The directory `data` corresponds to the corpus in *hgct*’s corpus
representation. It contains five directories, each of which corresponds
to a subcorpus. Directory `01`, `02`, and `03` consists of small samples
of Literary Chinese texts collected from the Chinese Text Project
(<https://ctext.org>). Directory `08` holds modern Chinese texts sampled
from ASBC. The directory `10` is a toy corpus in @gries2020 \[p. 102\]
used for illustrating calculations of dispersion measures.

In this tutorial, we demonstrate the supported functionalities in *hgct*
for searching the corpus.

## Loading Corpus Data into Concordancer

Provided that the input corpus follows the required directory structure
mentioned in @sec:corpus-structure-and-input-data, users could convert
the input corpus to the internal corpus representation with
`PlainTextReader()` as in the following code block. Since we are now
demonstrating the search functions, we immediately pass the corpus to
`Concordancer()`, which is the object used in *hgct* for searching the
corpus.

In [2]:
from hgct import PlainTextReader, Concordancer
c = Concordancer(PlainTextReader("data/").corpus)

The `Concordancer` object could be used to retrieve results matching the
search pattern as a sequence[1] of concordance lines. Since many of the
search patterns would return plenty of results, we define a wrapper
function `get_first_n()` here for the purpose of demonstration.

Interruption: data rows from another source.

(* Let $n\ge2$, let $p\in\{2,\dots,n\}$, and let $\mathcal V_p\subseteq M_n(\mathbb C)$ be the subspace of all matrices having zero entries at positions $(1,p),(1,p+1),\dots,(1,n)$. If $p\ge3$, then $\mathcal V_p$ contains no nonzero matrix that is left-symmetric relative to $\mathcal V_p$. If $p=2$, then $\mathcal V_2$ contains nonzero matrices that are left-symmetric relative to $\mathcal V_2$, and all of them have rank one; moreover, if $p=2$ and $n\ge3$, then $A\in\mathcal V_2$ is left-symmetric relative to $\mathcal V_2$ if and only if $A\in\mathbb C E_{11}$.
   Context: $M_n(\mathbb C)$ carries the operator (spectral) norm; $E_{ij}$ are the matrix units. $A\perp B$ (Birkhoff–James orthogonality) means $\|A+\lambda B\|\ge\|A\|$ for all $\lambda\in\mathbb C$. For a subset $\mathcal S$, an element $A\in\mathcal S$ is left-symmetric relative to $\mathcal S$ if for every $B\in\mathcal S$, $A\perp B$ implies $B\perp A$. *)

theory Defs
  imports Complex_Main "Jordan_Normal_Form.DL_Rank"
begin

(* Matrices in M_n(C) are "complex mat" in carrier_mat n n; indices are 0-based,
   so the paper's entry (i,j) is  A $$ (i-1, j-1). *)

definition vnorm :: "complex vec \<Rightarrow> real" where
  "vnorm v = sqrt (\<Sum>i<dim_vec v. (cmod (v $ i))\<^sup>2)"

definition opnorm :: "complex mat \<Rightarrow> real" where
  "opnorm A = Sup {vnorm (A *\<^sub>v v) | v. v \<in> carrier_vec (dim_col A) \<and> vnorm v \<le> 1}"

definition bj_orth :: "complex mat \<Rightarrow> complex mat \<Rightarrow> bool" where
  "bj_orth A B \<longleftrightarrow> (\<forall>c::complex. opnorm (A + c \<cdot>\<^sub>m B) \<ge> opnorm A)"

definition left_symmetric :: "complex mat set \<Rightarrow> complex mat \<Rightarrow> bool" where
  "left_symmetric S A \<longleftrightarrow> A \<in> S \<and> (\<forall>B\<in>S. bj_orth A B \<longrightarrow> bj_orth B A)"

definition Vp :: "nat \<Rightarrow> nat \<Rightarrow> complex mat set" where
  "Vp n p = {A \<in> carrier_mat n n. \<forall>k. p \<le> k \<and> k \<le> n \<longrightarrow> A $$ (0, k - 1) = 0}"

definition E11 :: "nat \<Rightarrow> complex mat" where
  "E11 n = mat n n (\<lambda>(i, j). if i = 0 \<and> j = 0 then 1 else 0)"

end

(*
  Two criteria for Birkhoff-James orthogonality drive the proof. If x is a unit norming vector
  of A (that is, |A x| = |A|) and <A x, B x> = 0, then A \<perp> B. Conversely, if w is, up to a
  phase, the only norming vector of B, with a quadratic gap in |B v|\<^sup>2 away from the line
  through w, then B \<perp> A forces <B w, A w> = 0: otherwise B - t (c / |c|) A, with
  c = <B w, A w>, has smaller norm than B for small t > 0.

  Let A \<in> V_p be left-symmetric with norming vector x. For w \<perp> x and z w\<^sup>* \<in> V_p we get
  A \<perp> z w\<^sup>* because z w\<^sup>* maps x to 0, hence z w\<^sup>* \<perp> A and <z, A w> = 0. Choosing z as
  the part of A w below the first row, and z = e_1 against the first row of A, shows that A
  vanishes on x\<^sup>\<perp>; so A = (A x) x\<^sup>* has rank one. The rank-two probes
  B = 5 z_1 m\<^sup>* + z_2 (4 x + 3 m)\<^sup>*, with z_1 \<perp> z_2, <z_2, A x> = 0 and A m = 0, satisfy
  A \<perp> B but, having a norm gap at x + 2 m, not B \<perp> A unless <z_1, A x> = 0. Fitting them
  into V_p shows that A x is a multiple of e_1 when n \<ge> 3, and that A x = 0 when p \<ge> 3.
  For p = 2, finally, a matrix B \<in> V_2 with c E_11 \<perp> B has vanishing first row, and then
  B \<perp> c E_11.
*)

theory Submission
  imports Defs "HOL-Analysis.Function_Topology" "HOL-Analysis.Topology_Euclidean_Space"
    "Jordan_Normal_Form.DL_Rank_Submatrix"
begin

no_notation Finite_Cartesian_Product.vec_nth (infixl \<open>$\<close> 90)
hide_type (open) Finite_Cartesian_Product.vec

subsection \<open>Inner product and norm of complex vectors\<close>

definition vinner :: "complex vec \<Rightarrow> complex vec \<Rightarrow> complex" where
  "vinner v w = (\<Sum>i<dim_vec v. v $ i * cnj (w $ i))"

definition vnorm2 :: "complex vec \<Rightarrow> real" where
  "vnorm2 v = (\<Sum>i<dim_vec v. (cmod (v $ i))\<^sup>2)"

lemma vnorm2_nonneg: "vnorm2 v \<ge> 0"
  unfolding vnorm2_def by (simp add: sum_nonneg)

lemma vnorm_eq_sqrt_vnorm2: "vnorm v = sqrt (vnorm2 v)"
  unfolding vnorm_def vnorm2_def by simp

lemma power2_vnorm: "(vnorm v)\<^sup>2 = vnorm2 v"
  by (simp add: vnorm_eq_sqrt_vnorm2 vnorm2_nonneg)

lemma vnorm_nonneg: "vnorm v \<ge> 0"
  by (simp add: vnorm_eq_sqrt_vnorm2 vnorm2_nonneg)

lemma vnorm_eq_1_iff: "vnorm v = 1 \<longleftrightarrow> vnorm2 v = 1"
  by (simp add: vnorm_eq_sqrt_vnorm2)

lemma vnorm_le_1_iff: "vnorm v \<le> 1 \<longleftrightarrow> vnorm2 v \<le> 1"
  by (simp add: vnorm_eq_sqrt_vnorm2)

lemma vinner_self: "vinner v v = of_real (vnorm2 v)"
  unfolding vinner_def vnorm2_def of_real_sum
  by (rule sum.cong) (simp_all only: complex_norm_square)

lemma vinner_commute: "dim_vec w = dim_vec v \<Longrightarrow> vinner w v = cnj (vinner v w)"
  unfolding vinner_def by (simp add: mult.commute)

lemma vinner_eq_0_commute: "dim_vec w = dim_vec v \<Longrightarrow> vinner v w = 0 \<Longrightarrow> vinner w v = 0"
  using vinner_commute[of w v] by simp

lemma vinner_cauchy_schwarz:
  assumes "dim_vec w = dim_vec v"
  shows "cmod (vinner v w) \<le> vnorm v * vnorm w"
proof -
  have "cmod (vinner v w) \<le> (\<Sum>i<dim_vec v. \<bar>cmod (v $ i)\<bar> * \<bar>cmod (w $ i)\<bar>)"
    unfolding vinner_def by (rule order_trans[OF norm_sum]) (simp add: norm_mult)
  also have "\<dots> \<le> L2_set (\<lambda>i. cmod (v $ i)) {..<dim_vec v} * L2_set (\<lambda>i. cmod (w $ i)) {..<dim_vec v}"
    by (rule L2_set_mult_ineq)
  also have "\<dots> = vnorm v * vnorm w"
    using assms by (simp add: vnorm_def L2_set_def)
  finally show ?thesis .
qed

lemma vinner_add_left: "dim_vec u = dim_vec v \<Longrightarrow> vinner (u + v) w = vinner u w + vinner v w"
  unfolding vinner_def by (simp add: distrib_right sum.distrib)

lemma vinner_add_right:
  "dim_vec u = dim_vec v \<Longrightarrow> dim_vec w = dim_vec u \<Longrightarrow> vinner w (u + v) = vinner w u + vinner w v"
  unfolding vinner_def by (simp add: distrib_left sum.distrib)

lemma vinner_smult_left: "vinner (c \<cdot>\<^sub>v v) w = c * vinner v w"
  unfolding vinner_def by (simp add: sum_distrib_left mult.assoc)

lemma vinner_smult_right: "dim_vec w = dim_vec v \<Longrightarrow> vinner w (c \<cdot>\<^sub>v v) = cnj c * vinner w v"
  unfolding vinner_def by (simp add: sum_distrib_left algebra_simps)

[1] More precisely, a *generator* of concordance lines.

In [3]:
def get_first_n(cql, n=10, left=5, right=5):
    out = []
    for i, r in enumerate(c.cql_search(cql, left=left, right=right)):
        if i == n: break
        out.append(r)
    return out

## Search by Character

In our first example, we define the search pattern as
`[char="龜"] [char="[一-龜]"]`, which roughly means

> a sequence of two characters starting with “龜” and ending with any
> Chinese characters (not, e.g., punctuations)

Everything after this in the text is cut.